FIG. 2 is a flowchart illustrating one aspect of the method of generating metadata according to the present disclosure in detail. More specifically, referring to FIG. 2, the operation S100 of extracting the pose information includes an operation S210 of extracting a movement occurrence frame on the basis of a change in video intensity, an operation S220 of extracting key points using a deep-learning-based pose estimation model, an operation S230 of determining whether a key pose of the movement is determinable and, when the key pose of the movement is indeterminable, determining the key pose from the extracted key points and generating a reference movement, an operation S240 of acquiring key pose information of the movement using key points of key movements when the key pose of the movement is determinable, and an operation S250 of determining a similarity by comparing the extracted key points with the reference movement.

In the operation S210 of extracting the movement occurrence frame on the basis of the change in video intensity, the movement occurrence frame is extracted using the characteristic that objects and backgrounds have very small intensity variation values or have very drastic variation values whereas continuous movement of the same object has an intensity variation value that gradually changes within a certain range.
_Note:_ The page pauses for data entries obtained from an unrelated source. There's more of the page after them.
(* Let $G$ be a graph with vertex set $V$ and let $S,T$ be disjoint subsets of $V$. Then there exist a graph $G'$ on $V$ with $d_{G'}(v)=d_G(v)$ for all $v\in V$, and disjoint subsets $S',T'\subseteq V$ with $|S'|=|S|$ and $|T'|=|T|$, such that $d_{G'}(s)\le d_{G'}(v)$ for all $s\in S'$ and $v\in V\setminus S'$, $d_{G'}(t)\ge d_{G'}(v)$ for all $t\in T'$ and $v\in V\setminus T'$, and \[|E_{G'}(S';V\setminus T')|\le|E_G(S;V\setminus T)|.\]
   Context: All graphs are finite and simple; $d_G(v)$ is the degree of $v$ in $G$. For disjoint $S,T\subseteq V$, $E_G(S;V\setminus T)$ denotes the set of edges of $G$ that either have both endpoints in $S$, or have one endpoint in $S$ and the other in $V\setminus(S\cup T)$. *)

theory Defs
  imports Main
begin

definition simple_graph :: "'a set \<Rightarrow> 'a set set \<Rightarrow> bool" where
  "simple_graph V E \<longleftrightarrow> finite V \<and> (\<forall>e\<in>E. \<exists>x y. x \<in> V \<and> y \<in> V \<and> x \<noteq> y \<and> e = {x, y})"

definition degree :: "'a set set \<Rightarrow> 'a \<Rightarrow> nat" where
  "degree E v = card {e \<in> E. v \<in> e}"

text \<open>E_G(S; V minus T): edges with both endpoints in S, or one endpoint in S and
  the other in V minus (S union T).\<close>
definition edges_ST :: "'a set \<Rightarrow> 'a set set \<Rightarrow> 'a set \<Rightarrow> 'a set \<Rightarrow> 'a set set" where
  "edges_ST V E S T = {e \<in> E. (\<exists>x y. e = {x, y} \<and> x \<in> S \<and> y \<in> S) \<or>
       (\<exists>x y. e = {x, y} \<and> x \<in> S \<and> y \<in> V - (S \<union> T))}"
lemma exists_large_code:
  assumes "0 < q"
  obtains a0 a1 a2 where "a0 \<le> 3 * (q - 1)" "a1 \<le> pval q n - 1" "a2 \<le> pval q n - 1"
    "card (ALL_set q n (nat ((Pval q n - 1) div 2)))
       \<le> (3 * (q - 1) + 1) * pval q n ^ 2 * card (code q n a0 a1 a2)"
proof -
  define p where "p = pval q n"
  have p: "0 < p"
    unfolding p_def using pval_prime prime_gt_0_nat by blast
  let ?I = "{..3 * (q - 1)} \<times> {..p - 1} \<times> {..p - 1}"
  let ?C = "\<lambda>(a0, a1, a2). code q n a0 a1 a2"
  have cover: "ALL_set q n (nat ((Pval q n - 1) div 2)) \<subseteq> (\<Union>a\<in>?I. ?C a)"
  proof
    fix x assume x: "x \<in> ALL_set q n (nat ((Pval q n - 1) div 2))"
    let ?z = "indic q n x"
    have "(VT 0 n ?z mod (3 * (q - 1) + 1), VT 1 n ?z mod p, VT 2 n ?z mod p) \<in> ?I"
      using p by (auto simp: less_Suc_eq_le[symmetric])
    moreover have "x \<in> ?C (VT 0 n ?z mod (3 * (q - 1) + 1), VT 1 n ?z mod p, VT 2 n ?z mod p)"
      using x indic_in_seqs[OF assms] unfolding code_def Cq4P_def p_def by simp
    ultimately show "x \<in> (\<Union>a\<in>?I. ?C a)"
      by blast
  qed
  have I: "finite ?I" "?I \<noteq> {}"
    by auto
  have "finite (?C a)" if "a \<in> ?I" for a
    by (rule finite_subset[OF _ finite_seqs]) (auto simp: code_def ALL_set_def split: prod.splits)
  then obtain a where a: "a \<in> ?I"
    and large: "card (ALL_set q n (nat ((Pval q n - 1) div 2))) \<le> card ?I * card (?C a)"
    using exists_large_class[OF I cover] by blast
  have card_I: "card ?I = (3 * (q - 1) + 1) * p ^ 2"
    using p by (simp add: card_cartesian_product power2_eq_square)
  obtain a0 a1 a2 where a_eq: "a = (a0, a1, a2)"
    by (cases a)
  show ?thesis
  proof (rule that[of a0 a1 a2])
    show "a0 \<le> 3 * (q - 1)" "a1 \<le> pval q n - 1" "a2 \<le> pval q n - 1"
      using a unfolding a_eq p_def by auto
    show "card (ALL_set q n (nat ((Pval q n - 1) div 2)))
        \<le> (3 * (q - 1) + 1) * pval q n ^ 2 * card (code q n a0 a1 a2)"
      using large unfolding card_I a_eq by (simp add: p_def)
  qed
qed
(* Let $\Sigma$ be a finite closure and let $\chi\in\Sigma$ be $\mathbf{PTKv}^{\ast}(\Sigma)$-consistent, i.e. $\mathbf{PTKv}^{\ast}(\Sigma)\nvdash\neg\chi$. Then there exists $\Gamma\in\mathsf{Type}^{\ast}(\Sigma)$ with $\chi\in\Gamma$.
   Context: Language and proof systems. Fix countable sets $\mathsf{Prop}$ (propositional variables), $\mathsf{Term}$ (atomic terms) and a finite set of agents $\mathcal{A}$. $\Theta_K=[0,1]\cap\mathbb{Q}$, $\Theta_V^+=(\frac12,1]\cap\mathbb{Q}$. Formulas: $\varphi::= p\mid t=s\mid\neg\varphi\mid(\varphi\to\psi)\mid K_i^\theta\varphi\mid Kv_i^\eta(t)$ ($\theta\in\Theta_K$, $\eta\in\Theta_V^+$). $\mathbf{PTKv}^{+}$ is the Hilbert system with rules Modus Ponens and $\mathrm{Nec}_K$ (from $\varphi$ infer $K_i^\theta\varphi$) and axiom schemata: propositional tautologies; $t=t$; $t=s\to s=t$; $(t=s\wedge s=u)\to t=u$; $t=s\to((t=u)\leftrightarrow(s=u))$; $K_i^{\theta'}\varphi\to K_i^\theta\varphi$ ($\theta\le\theta'$); $K_i^\alpha(\varphi\to\psi)\to(K_i^\beta\varphi\to K_i^{\max\{0,\alpha+\beta-1\}}\psi)$; $K_i^\alpha\varphi\to\neg K_i^\beta\neg\varphi$ ($\alpha+\beta>1$); $K_i^0\varphi$; $K_i^1(t=s)\to(K_i^\theta(t=u)\leftrightarrow K_i^\theta(s=u))$; $K_i^1(t=s)\to(Kv_i^\eta(t)\leftrightarrow Kv_i^\eta(s))$; $K_i^1(\varphi\leftrightarrow\psi)\to(K_i^\theta\varphi\leftrightarrow K_i^\theta\psi)$; $K_i^\alpha\varphi\wedge K_i^\beta\psi\wedge K_i^1\neg(\varphi\wedge\psi)\to K_i^{\alpha+\beta}(\varphi\vee\psi)$ ($\alpha+\beta\le1$); $Kv_i^\eta(t)\to Kv_i^\zeta(t)$ ($\zeta\le\eta$, both in $\Theta_V^+$). Finite closure: a finite set $\Sigma$ of formulas closed under subformulas and single negations (if $\varphi\in\Sigma$ then $\neg\varphi\in\Sigma$ unless $\varphi$ is itself a negation $\neg\psi$ with $\psi\in\Sigma$), containing $t=s$ and $\neg(t=s)$ for all $t,s\in T_\Sigma$ (the set of atomic terms occurring in $\Sigma$), with all thresholds from a finite set of rationals. $\mathsf{Type}(\Sigma)$ is the set of $\Gamma\subseteq\Sigma$ that are $\mathbf{PTKv}^{+}$-consistent ($\mathbf{PTKv}^{+}\nvdash\neg\bigwedge\Gamma$) and saturated (for each $\varphi\in\Sigma$, $\varphi\in\Gamma$ or $\neg\varphi\in\Gamma$). Constraint systems. Let $K=\{1,\dots,|T_\Sigma|\}$. For $\Delta\in\mathsf{Type}(\Sigma)$, $\mathcal{F}(\Delta)=\{f:T_\Sigma\to K\mid \forall t,s\in T_\Sigma,\ f(t)=f(s)\iff (t=s)\in\Delta\}$. For $\Gamma$ and agent $i$, $\Lambda_i^\Gamma$ is the set of formulas in $\Gamma$ of the forms $K_i^\theta\varphi$, $\neg K_i^\theta\varphi$, $Kv_i^\eta(t)$, $\neg Kv_i^\eta(t)$. For nonempty $S\subseteq\mathsf{Type}(\Sigma)$ with $\Gamma\in S$, the system $\mathsf{FC}(\Gamma,S,i)$ in real variables $z_{\Delta,f}$ ($\Delta\in S$, $f\in\mathcal{F}(\Delta)$) requires: $z_{\Delta,f}\ge0$; $\sum_{\Delta\in S}\sum_{f}z_{\Delta,f}=1$; for $K_i^\theta\varphi\in\Gamma$: $\sum_{\Delta\in S,\varphi\in\Delta}\sum_f z_{\Delta,f}\ge\theta$; for $\neg K_i^\theta\varphi\in\Gamma$: that sum $<\theta$; for $Kv_i^\eta(t)\in\Gamma$: there is $k\in K$ with $\sum_{\Delta\in S}\sum_{f(t)=k}z_{\Delta,f}\ge\eta$; for $\neg Kv_i^\eta(t)\in\Gamma$: for every $k\in K$, $\sum_{\Delta\in S}\sum_{f(t)=k}z_{\Delta,f}<\eta$. It is feasible if some real assignment satisfies all these requirements. Refinement. $\mathcal{T}_0=\mathsf{Type}(\Sigma)$, $\mathcal{T}_{\ell+1}=\{\Delta\in\mathcal{T}_\ell\mid \mathsf{FC}(\Delta,\mathcal{T}_\ell,i)\text{ feasible for all } i\in\mathcal{A}\}$; the decreasing sequence stabilizes at some $\mathcal{T}_{\ell_0}=:\mathsf{Type}^\ast(\Sigma)$. For each $\Gamma\in\mathsf{Type}(\Sigma)\setminus\mathsf{Type}^\ast(\Sigma)$, with $\Gamma\in\mathcal{T}_\ell\setminus\mathcal{T}_{\ell+1}$, fix an agent $i_\Gamma$ such that $\mathsf{FC}(\Gamma,\mathcal{T}_\ell,i_\Gamma)$ is infeasible. $\mathbf{PTKv}^\ast(\Sigma)$ is $\mathbf{PTKv}^{+}$ plus the finitely many axioms $\neg\bigwedge\Lambda_{i_\Gamma}^\Gamma$ for $\Gamma\in\mathsf{Type}(\Sigma)\setminus\mathsf{Type}^\ast(\Sigma)$. *)

theory Defs
  imports Complex_Main "HOL-Library.FuncSet" "HOL-Library.Countable"
begin
lemma char_on_extend:
  fixes H :: "'a::{ab_group_add,finite} set"
  assumes H: "add_submonoid H" and \<chi>: "char_on H \<chi>" and w: "cmod w = 1"
    and compat: "\<And>n. natmul n g \<in> H \<Longrightarrow> \<chi> (natmul n g) = w ^ n"
  obtains H' \<chi>' where "add_submonoid H'" "insert g H \<subseteq> H'" "char_on H' \<chi>'"
    "\<And>h. h \<in> H \<Longrightarrow> \<chi>' h = \<chi> h" "\<chi>' g = w"
proof -
  define H' where "H' = {h + natmul j g | h j. h \<in> H}"
  define \<chi>' where
    "\<chi>' x = (SOME y. \<exists>h\<in>H. \<exists>j. x = h + natmul j g \<and> y = \<chi> h * w ^ j)" for x
  have \<chi>'_eq: "\<chi>' (h + natmul j g) = \<chi> h * w ^ j" if "h \<in> H" for h j
  proof -
    have "\<exists>h'\<in>H. \<exists>j'. h + natmul j g = h' + natmul j' g \<and>
        \<chi>' (h + natmul j g) = \<chi> h' * w ^ j'"
      unfolding \<chi>'_def by (rule someI_ex) (use that in blast)
    then show ?thesis using char_on_extend_well_defined[OF H \<chi> compat] that by metis
  qed
  show ?thesis
  proof
    show "add_submonoid H'" unfolding H'_def using H by (rule add_submonoid_extend)
    have "g = 0 + natmul 1 g" "\<And>h. h = h + natmul 0 g" by simp_all
    then show "insert g H \<subseteq> H'"
      unfolding H'_def using H unfolding add_submonoid_def by blast
    show "char_on H' \<chi>'"
      unfolding char_on_def H'_def
    proof safe
      fix h1 h2 j1 j2 assume h12: "h1 \<in> H" "h2 \<in> H"
      have sum: "h1 + natmul j1 g + (h2 + natmul j2 g) = (h1 + h2) + natmul (j1 + j2) g"
        by (simp add: natmul_add algebra_simps)
      have "h1 + h2 \<in> H" using H h12 unfolding add_submonoid_def by blast
      then have "\<chi>' (h1 + natmul j1 g + (h2 + natmul j2 g)) = \<chi> (h1 + h2) * w ^ (j1 + j2)"
        unfolding sum by (rule \<chi>'_eq)
      also have "\<dots> = (\<chi> h1 * w ^ j1) * (\<chi> h2 * w ^ j2)"
        using \<chi> h12 unfolding char_on_def by (simp add: power_add mult_ac)
      finally show "\<chi>' (h1 + natmul j1 g + (h2 + natmul j2 g)) =
          \<chi>' (h1 + natmul j1 g) * \<chi>' (h2 + natmul j2 g)"
        using \<chi>'_eq h12 by simp
    next
      fix h j assume "h \<in> H"
      then show "cmod (\<chi>' (h + natmul j g)) = 1"
        using \<chi> w by (simp add: \<chi>'_eq char_on_def norm_mult norm_power)
    qed
    show "\<chi>' h = \<chi> h" if "h \<in> H" for h
      using \<chi>'_eq[OF that, of 0] by simp
    show "\<chi>' g = w"
      using \<chi>'_eq[of 0 1] char_on_zero[OF \<chi>] H by (simp add: add_submonoid_def)
  qed
qed

lemma ex_unit_nth_root:
  assumes "cmod z = 1" "0 < k"
  shows "\<exists>w. cmod w = 1 \<and> w ^ k = z"
proof -
  have "z \<noteq> 0" using assms(1) by auto
  then have "cis (Arg z / k) ^ k = z"
    using assms by (simp add: DeMoivre cis_Arg sgn_eq)
  then show ?thesis by (intro exI[of _ "cis (Arg z / k)"]) simp
qed

lemma ex_nontrivial_root_of_unity:
  assumes "2 \<le> k"
  shows "\<exists>w::complex. cmod w = 1 \<and> w ^ k = 1 \<and> w \<noteq> 1"
proof -
  have "\<not> {w::complex. w ^ k = 1} \<subseteq> {1}"
    using card_mono[of "{1::complex}" "{w. w ^ k = 1}"] card_roots_unity_eq[of k] assms by auto
  then obtain w :: complex where "w ^ k = 1" "w \<noteq> 1" by blast
  moreover have "cmod w = 1" using power_eq_1_iff[OF \<open>w ^ k = 1\<close>] assms by simp
  ultimately show ?thesis by blast
qed

lemma char_on_extend_to_dual:
  fixes H :: "'a::{ab_group_add,finite} set"
  assumes "add_submonoid H" "char_on H \<chi>"
  shows "\<exists>\<psi>\<in>dual. \<forall>h\<in>H. \<psi> h = \<chi> h"
  using assms
proof (induction "card (- H)" arbitrary: H \<chi> rule: less_induct)
  case less
  show ?case
  proof (cases "H = UNIV")
    case True
    then show ?thesis using less.prems by (auto simp: dual_eq_char_on_UNIV)
  next
    case False
    then obtain g where g: "g \<notin> H" by blast
    define k where "k = (LEAST k. 0 < k \<and> natmul k g \<in> H)"
    have "cmod (\<chi> (natmul k g)) = 1"
      using least_natmul_mem(2)[OF less.prems(1) k_def] less.prems(2) by (simp add: char_on_def)
    then obtain w where w: "cmod w = 1" "w ^ k = \<chi> (natmul k g)"
      using ex_unit_nth_root least_natmul_mem(1)[OF less.prems(1) k_def] by blast
    obtain H' \<chi>' where H': "add_submonoid H'" "insert g H \<subseteq> H'" "char_on H' \<chi>'"
      and \<chi>': "\<And>h. h \<in> H \<Longrightarrow> \<chi>' h = \<chi> h"
      using char_on_extend[OF less.prems w(1) char_on_natmul_eq_power[OF less.prems k_def w(2)]] by blast
    have "card (- H') < card (- H)"
      using H'(2) g by (intro psubset_card_mono) auto
    then obtain \<psi> where "\<psi> \<in> dual" "\<forall>h\<in>H'. \<psi> h = \<chi>' h"
      using less.hyps H'(1,3) by blast
    with H'(2) \<chi>' show ?thesis by (intro bexI[of _ \<psi>]) auto
  qed
qed

lemma dual_separates:
  fixes a :: "'a::{ab_group_add,finite}"
  assumes "a \<noteq> 0"
  shows "\<exists>\<psi>\<in>dual. \<psi> a \<noteq> 1"
proof -
  define k where "k = (LEAST k. 0 < k \<and> natmul k a \<in> {0})"
  have triv: "add_submonoid {0::'a}" "char_on {0::'a} (\<lambda>_. 1)"
    by (simp_all add: add_submonoid_def char_on_def)
  have "k \<noteq> 1" using least_natmul_mem(2)[OF triv(1) k_def] assms by auto
  then have "2 \<le> k" using least_natmul_mem(1)[OF triv(1) k_def] by linarith
  then obtain w where w: "cmod w = 1" "w ^ k = 1" "w \<noteq> 1"
    using ex_nontrivial_root_of_unity by blast
  obtain H' \<chi>' where H': "add_submonoid H'" "insert a {0} \<subseteq> H'" "char_on H' \<chi>'"
    and "\<chi>' a = w"
    using char_on_extend[OF triv w(1) char_on_natmul_eq_power[OF triv k_def]] w(2) by metis
  obtain \<psi> where "\<psi> \<in> dual" "\<forall>h\<in>H'. \<psi> h = \<chi>' h"
    using char_on_extend_to_dual[OF H'(1,3)] by blast
  moreover have "a \<in> H'" using H'(2) by blast
  ultimately show ?thesis using \<open>\<chi>' a = w\<close> w(3) by (intro bexI[of _ \<psi>]) auto
qed

section \<open>Orthogonality of characters\<close>

lemma dual_add: "x \<in> dual \<Longrightarrow> x (a + b) = x a * x b"
  by (simp add: dual_def)

lemma dual_nonzero: "x \<in> dual \<Longrightarrow> x a \<noteq> 0"
  by (auto simp: dual_def dest: spec[of _ a])

lemma dual_zero: "x \<in> dual \<Longrightarrow> x 0 = 1"
  using char_on_zero[of UNIV x] by (simp add: dual_eq_char_on_UNIV)

lemma dual_uminus: "x \<in> dual \<Longrightarrow> x (- a) = inverse (x a)"
  using dual_add[of x a "- a"] by (simp add: dual_zero dual_nonzero inverse_unique)

lemma chmul_dual: "x \<in> dual \<Longrightarrow> y \<in> dual \<Longrightarrow> chmul x y \<in> dual"
  by (auto simp: dual_def chmul_def norm_mult)

lemma chinv_dual: "x \<in> dual \<Longrightarrow> chinv x \<in> dual"
  by (auto simp: dual_def chinv_def norm_inverse)

lemma chone_dual: "chone \<in> dual"
  by (auto simp: dual_def chone_def)

lemma finite_dual: "finite (dual :: ('a::{ab_group_add,finite} \<Rightarrow> complex) set)"
proof -
  define ord where "ord a = (SOME k. 0 < k \<and> natmul k a = 0)" for a :: 'a
  have ord: "0 < ord a \<and> natmul (ord a) a = 0" for a
    unfolding ord_def by (rule someI_ex) (rule ex_natmul_eq_0)
  have "x a ^ ord a = 1" if "x \<in> dual" for x a
    using char_on_natmul[of UNIV x a "ord a"] ord[of a] that
    by (simp add: dual_eq_char_on_UNIV add_submonoid_def dual_zero)
  then have "dual \<subseteq> Pi UNIV (\<lambda>a. {z::complex. z ^ ord a = 1})" by (auto simp: Pi_def)
  moreover have "finite {z::complex. z ^ ord a = 1}" for a
    using ord[of a] by (intro finite_roots_unity) simp
  then have "finite (Pi UNIV (\<lambda>a. {z::complex. z ^ ord a = 1}))"
    using finite_PiE[of UNIV "\<lambda>a. {z::complex. z ^ ord a = 1}"] by (simp add: PiE_UNIV_domain)
  ultimately show ?thesis by (rule finite_subset)
qed

lemma sum_dual_shift:
  assumes "\<psi> \<in> dual"
  shows "(\<Sum>x\<in>dual. f (chmul \<psi> x)) = (\<Sum>x\<in>dual. f x)"
proof (rule sum.reindex_bij_betw)
  show "bij_betw (chmul \<psi>) dual dual"
  proof (rule bij_betw_byWitness[where f' = "chmul (chinv \<psi>)"])
    show "\<forall>x\<in>dual. chmul (chinv \<psi>) (chmul \<psi> x) = x"
      and "\<forall>x\<in>dual. chmul \<psi> (chmul (chinv \<psi>) x) = x"
      using dual_nonzero[OF assms] by (auto simp: chmul_def chinv_def fun_eq_iff)
    show "chmul \<psi> ` dual \<subseteq> dual" "chmul (chinv \<psi>) ` dual \<subseteq> dual"
      using assms chmul_dual chinv_dual by auto
  qed
qed

lemma sum_character_eq_0:
  fixes x :: "'a::{ab_group_add,finite} \<Rightarrow> complex"
  assumes x: "x \<in> dual" and "x \<noteq> chone"
  shows "(\<Sum>a\<in>UNIV. x a) = 0"
proof -
  obtain b where b: "x b \<noteq> 1" using assms(2) by (auto simp: chone_def)
  have "(\<Sum>a\<in>UNIV. x (b + a)) = (\<Sum>a\<in>UNIV. x a)"
    by (rule sum.reindex_bij_betw) (rule bij_betw_byWitness[where f' = "\<lambda>a. a - b"], auto)
  then have "(x b - 1) * (\<Sum>a\<in>UNIV. x a) = 0"
    by (simp add: dual_add[OF x] sum_distrib_left algebra_simps)
  then show ?thesis using b by simp
qed

lemma sum_dual_eq_0:
  fixes a :: "'a::{ab_group_add,finite}"
  assumes "a \<noteq> 0"
  shows "(\<Sum>x\<in>dual. x a) = 0"
proof -
  obtain \<psi> where \<psi>: "\<psi> \<in> dual" "\<psi> a \<noteq> 1" using dual_separates[OF assms] by blast
  have "(\<Sum>x\<in>dual. chmul \<psi> x a) = (\<Sum>x\<in>dual. x a)"
    using sum_dual_shift[OF \<psi>(1), of "\<lambda>x. x a"] .
  then have "\<psi> a * (\<Sum>x\<in>dual. x a) = (\<Sum>x\<in>dual. x a)"
    by (simp add: chmul_def sum_distrib_left)
  then have "(\<psi> a - 1) * (\<Sum>x\<in>dual. x a) = 0"
    by (simp add: algebra_simps)
  then show ?thesis using \<psi>(2) by simp
qed

lemma card_dual: "card (dual :: ('a::{ab_group_add,finite} \<Rightarrow> complex) set) = card (UNIV :: 'a set)"
proof -
  let ?D = "dual :: ('a \<Rightarrow> complex) set"
  have "(\<Sum>a\<in>UNIV. \<Sum>x\<in>?D. x a) = (\<Sum>a::'a\<in>UNIV. if a = 0 then of_nat (card ?D) else 0)"
    by (intro sum.cong) (auto simp: sum_dual_eq_0 dual_zero)
  then have "of_nat (card ?D) = (\<Sum>a\<in>UNIV. \<Sum>x\<in>?D. x a)"
    by simp
  also have "\<dots> = (\<Sum>x\<in>?D. \<Sum>a\<in>UNIV. x a)"
    by (rule sum.swap)
  also have "\<dots> = (\<Sum>x\<in>?D. if x = chone then of_nat (card (UNIV :: 'a set)) else 0)"
    by (rule sum.cong) (auto simp: sum_character_eq_0 chone_def)
  also have "\<dots> = of_nat (card (UNIV :: 'a set))"
    using chone_dual by (simp add: finite_dual)
  finally show ?thesis by (simp only: of_nat_eq_iff)
qed

lemma sum_dual:
  fixes a :: "'a::{ab_group_add,finite}"
  shows "(\<Sum>x\<in>dual. x a) = of_nat (card (UNIV :: 'a set)) * delta a"
  using sum_dual_eq_0[of a] card_dual[where 'a = 'a] by (simp add: delta_def dual_zero)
The method and system according to the present disclosure may employ a computer vision algorithm based on a change in video intensity to automatically search for frames in which movement is performed. The computer vision algorithm will be described in detail below with reference to FIG. 3.

In the operation S220 of extracting the key points using the deep-learning-based pose estimation model, key points are extracted from a selected scene using the deep-learning-based pose estimation model. The extracted key points are required for generating metadata of the key pose which is the reference movement. In this specification, a pose required for performing each movement is referred to as a key pose, and it is necessary to set a key pose for each movement.

In the operation S230 of determining whether the key pose of the movement is determinable and, when the key pose of the movement is indeterminable, determining the key pose from the extracted key points and generating the reference movement, when the movement is not defined in advance, metainformation of a similar movement may be loaded on the basis of the extracted key points to generate the reference movement.

The operation of generating the reference movement may include the following operations:

• • 1) an operation of determining a similar movement which is determined to exceed the extracted key points and a preset similarity;
  • 2) an operation of reading movement metadata of the similar movement; and
  • 3) an operation of finely tuning metadata of the reference movement after the operation of reading the movement metadata of the similar movement.

In the operation of finely tuning metadata of the reference movement, when the user in whom the movement occurred is determined to be a user of movement metadata of the similar movement or metadata of the user in whom the movement occurred is similar to metadata of a user of the similar movement, the metadata of the reference movement is finely tuned on the basis of the metadata of the user of the similar movement.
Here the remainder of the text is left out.